Give back exactly the stretch of data below from the line holding "(\<exists>E' (s :: 'a" through the line holding "T \<subseteq> V", both ends included, and leave the remaining lines out.

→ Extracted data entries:

##########

(* Let $T$ be a tree, $D\subseteq V(T)$, and let $\mathcal X_T$ be the hypergraph associated with $T$. Then $(T,D)$ is MBD Dominator-critical if and only if $\mathcal X_T$ has at least one edge and $D$ is a minimal transversal of $\mathcal X_T$.
   Context: For a tree $T'$, $S(T')$ is obtained by subdividing each edge of $T'$ exactly once; $\mathcal S=\{S(T'):T'\text{ a tree}\}$ and $X(S(T'))=V(T')$ (with $S(P_1)=P_1$, $X(P_1)=V(P_1)$). $F\in\mathcal S$ is a substructure in $T$ if $F$ is a subgraph of $T$ and $\deg_T(v)=\deg_F(v)$ for all $v\in X(F)$. The hypergraph $\mathcal X_T$ has vertex set $V(T)$ and edge set $\{X(F): F\in\mathcal S \text{ is a substructure in } T\}$. A transversal of a hypergraph is a vertex set meeting every edge; it is minimal if no proper subset is a transversal. In the MBD game on a predominated graph $(G,D)$, $D\subseteq V(G)$, Staller and Dominator alternately claim unclaimed vertices of $V(G)$, Staller first; Staller wins if she claims all of $N_G[v]$ for some $v\in V(G)\setminus D$, Dominator wins otherwise. $(G,D)$ is MBD Dominator-critical if $D\neq\emptyset$, Dominator wins on $(G,D)$, and Staller wins on $(G,D\setminus\{v\})$ for every $v\in D$. *)

theory Defs
  imports Main
begin

definition graph :: "'a set \<Rightarrow> 'a set set \<Rightarrow> bool" where
  "graph V E \<longleftrightarrow> (\<forall>e\<in>E. card e = 2 \<and> e \<subseteq> V)"

definition connected_graph :: "'a set \<Rightarrow> 'a set set \<Rightarrow> bool" where
  "connected_graph V E \<longleftrightarrow>
     (\<forall>u\<in>V. \<forall>v\<in>V. (\<lambda>x y. {x, y} \<in> E)\<^sup>*\<^sup>* u v)"

definition has_cycle :: "'a set set \<Rightarrow> bool" where
  "has_cycle E \<longleftrightarrow> (\<exists>cs. length cs \<ge> 3 \<and> distinct cs \<and>
     (\<forall>i < length cs. {cs ! i, cs ! ((i + 1) mod length cs)} \<in> E))"

definition tree :: "'a set \<Rightarrow> 'a set set \<Rightarrow> bool" where
  "tree V E \<longleftrightarrow> graph V E \<and> finite V \<and> V \<noteq> {} \<and> connected_graph V E \<and> \<not> has_cycle E"

definition deg :: "'a set set \<Rightarrow> 'a \<Rightarrow> nat" where
  "deg E v = card {e \<in> E. v \<in> e}"

definition closed_nbhd :: "'a set \<Rightarrow> 'a set set \<Rightarrow> 'a \<Rightarrow> 'a set" where
  "closed_nbhd V E v = insert v {u \<in> V. {u, v} \<in> E}"

text \<open>(VF, EF) is (a copy of) the subdivision S(T') of a tree T' = (X, E'), where the
  original vertices of T' form X = X(F), and each edge e of T' is subdivided by the
  new vertex s e.\<close>

definition is_subdivision :: "'a set \<Rightarrow> 'a set set \<Rightarrow> 'a set \<Rightarrow> bool" where
  "is_subdivision VF EF X \<longleftrightarrow>
     (\<exists>E' (s :: 'a set \<Rightarrow> 'a). tree X E' \<and> inj_on s E' \<and> s ` E' \<inter> X = {} \<and>
        VF = X \<union> s ` E' \<and> EF = {{x, s e} | x e. e \<in> E' \<and> x \<in> e})"

definition substructure :: "'a set \<Rightarrow> 'a set set \<Rightarrow> 'a set \<Rightarrow> 'a set set \<Rightarrow> 'a set \<Rightarrow> bool" where
  "substructure V E VF EF X \<longleftrightarrow> is_subdivision VF EF X \<and> VF \<subseteq> V \<and> EF \<subseteq> E \<and>
     (\<forall>v\<in>X. deg E v = deg EF v)"

text \<open>Edge set of the hypergraph X_T (its vertex set is V).\<close>

definition hyp_X :: "'a set \<Rightarrow> 'a set set \<Rightarrow> 'a set set" where
  "hyp_X V E = {X. \<exists>VF EF. substructure V E VF EF X}"

definition transversal :: "'a set \<Rightarrow> 'a set set \<Rightarrow> 'a set \<Rightarrow> bool" where
  "transversal V H T \<longleftrightarrow> T \<subseteq> V \<and> (\<forall>h\<in>H. h \<inter> T \<noteq> {})"

definition minimal_transversal :: "'a set \<Rightarrow> 'a set set \<Rightarrow> 'a set \<Rightarrow> bool" where
  "minimal_transversal V H T \<longleftrightarrow> transversal V H T \<and> (\<forall>T'. T' \<subset> T \<longrightarrow> \<not> transversal V H T')"

text \<open>Maker-Breaker domination game: position (S, Dm) = vertices claimed by Staller and
  Dominator, Staller to move. staller_wins V E D S Dm: Staller can force a win.\<close>

inductive staller_wins :: "'a set \<Rightarrow> 'a set set \<Rightarrow> 'a set \<Rightarrow> 'a set \<Rightarrow> 'a set \<Rightarrow> bool"
  for V E D where
  won: "v \<in> V - D \<Longrightarrow> closed_nbhd V E v \<subseteq> S \<Longrightarrow> staller_wins V E D S Dm"
| move: "x \<in> V - (S \<union> Dm) \<Longrightarrow>
     (V - (insert x S \<union> Dm) = {} \<longrightarrow> (\<exists>v\<in>V - D. closed_nbhd V E v \<subseteq> insert x S)) \<Longrightarrow>
     (\<forall>y \<in> V - (insert x S \<union> Dm). staller_wins V E D (insert x S) (insert y Dm)) \<Longrightarrow>
     staller_wins V E D S Dm"

definition dominator_wins :: "'a set \<Rightarrow> 'a set set \<Rightarrow> 'a set \<Rightarrow> bool" where
  "dominator_wins V E D \<longleftrightarrow> \<not> staller_wins V E D {} {}"

definition MBD_dominator_critical :: "'a set \<Rightarrow> 'a set set \<Rightarrow> 'a set \<Rightarrow> bool" where
  "MBD_dominator_critical V E D \<longleftrightarrow> D \<noteq> {} \<and> dominator_wins V E D \<and>
     (\<forall>v\<in>D. \<not> dominator_wins V E (D - {v}))"

end

theory Submission
  imports Defs
begin

text \<open>Dominator wins on a forest (V, E) with predominated set D exactly when D meets X(F) for
  every substructure F; criticality of D and minimality of D as a transversal then both say
  that D is a transversal none of whose one-vertex deletions is one.

  If X(F) avoids D, Staller claims the subdivision vertex next to a leaf x of what remains of
  the tree underlying F. Since x has the same degree in T as in F, this threatens the closed
  neighbourhood of x, so Dominator must claim x and the tree shrinks; at an isolated x Staller
  completes its neighbourhood. If D meets every X(F), the forest can be peeled into pendant
  edges and isolated vertices of D: a leaf outside D is paired with its neighbour p, because a
  substructure of T - l - p avoiding D is attached to p at a single vertex and would grow
  through p to a substructure containing l. The pairs dominate every vertex outside D, and
  Dominator answers each move by the partner of the claimed vertex.\<close>

section \<open>Walks and cycles\<close>

fun walk :: "'a set set \<Rightarrow> 'a list \<Rightarrow> bool" where
  "walk E [] \<longleftrightarrow> False"
| "walk E [x] \<longleftrightarrow> True"
| "walk E (x # y # xs) \<longleftrightarrow> {x, y} \<in> E \<and> walk E (y # xs)"

lemma walk_Cons: "walk E (x # xs) \<longleftrightarrow> xs = [] \<or> ({x, hd xs} \<in> E \<and> walk E xs)"
  by (cases xs) auto

lemma walk_append: "walk E (xs @ y # zs) \<longleftrightarrow> walk E (xs @ [y]) \<and> walk E (y # zs)"
  by (induction xs) (auto simp: walk_Cons hd_append)

lemma walk_nth: "walk E xs \<Longrightarrow> Suc i < length xs \<Longrightarrow> {xs ! i, xs ! Suc i} \<in> E"
proof (induction E xs arbitrary: i rule: walk.induct)
  case (3 E x y xs)
  then show ?case by (cases i) auto
qed auto

lemma walk_mono: "walk E xs \<Longrightarrow> E \<subseteq> E' \<Longrightarrow> walk E' xs"
  by (induction E xs rule: walk.induct) auto

lemma walk_rev: "walk E xs \<Longrightarrow> walk E (rev xs)"
proof (induction E xs rule: walk.induct)
  case (3 E x y xs)
  then have "walk E (rev xs @ [y])" "walk E [y, x]" by (simp_all add: insert_commute)
  then show ?case using walk_append[of E "rev xs" y "[x]"] by simp
qed auto

lemma walk_vertex_in_edge: "walk E xs \<Longrightarrow> 2 \<le> length xs \<Longrightarrow> z \<in> set xs \<Longrightarrow> \<exists>e\<in>E. z \<in> e"
proof (induction E xs rule: walk.induct)
  case (3 E x y xs)
  then show ?case by (cases xs) auto
qed auto

lemma rtranclp_imp_walk:
  assumes "(\<lambda>x y. {x, y} \<in> E)\<^sup>*\<^sup>* u v"
  obtains xs where "walk E xs" "hd xs = u" "last xs = v"
  using assms
proof (induction arbitrary: thesis rule: rtranclp_induct)
  case base
  show ?case by (rule base[of "[u]"]) simp_all
next
  case (step y z)
  obtain xs where xs: "walk E xs" "hd xs = u" "last xs = y" by (rule step.IH)
  then obtain ys where ys: "xs = ys @ [y]" by (cases xs rule: rev_cases) auto
  then have "walk E (xs @ [z])"
    using xs(1) walk_append[of E ys y "[z]"] step.hyps(2) by simp
  moreover have "hd (xs @ [z]) = u" using xs by (cases xs) auto
  ultimately show ?case using step.prems by simp
qed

##########

→ Solution to this exercise:
     (\<exists>E' (s :: 'a set \<Rightarrow> 'a). tree X E' \<and> inj_on s E' \<and> s ` E' \<inter> X = {} \<and>
        VF = X \<union> s ` E' \<and> EF = {{x, s e} | x e. e \<in> E' \<and> x \<in> e})"

definition substructure :: "'a set \<Rightarrow> 'a set set \<Rightarrow> 'a set \<Rightarrow> 'a set set \<Rightarrow> 'a set \<Rightarrow> bool" where
  "substructure V E VF EF X \<longleftrightarrow> is_subdivision VF EF X \<and> VF \<subseteq> V \<and> EF \<subseteq> E \<and>
     (\<forall>v\<in>X. deg E v = deg EF v)"

text \<open>Edge set of the hypergraph X_T (its vertex set is V).\<close>

definition hyp_X :: "'a set \<Rightarrow> 'a set set \<Rightarrow> 'a set set" where
  "hyp_X V E = {X. \<exists>VF EF. substructure V E VF EF X}"

definition transversal :: "'a set \<Rightarrow> 'a set set \<Rightarrow> 'a set \<Rightarrow> bool" where
  "transversal V H T \<longleftrightarrow> T \<subseteq> V \<and> (\<forall>h\<in>H. h \<inter> T \<noteq> {})"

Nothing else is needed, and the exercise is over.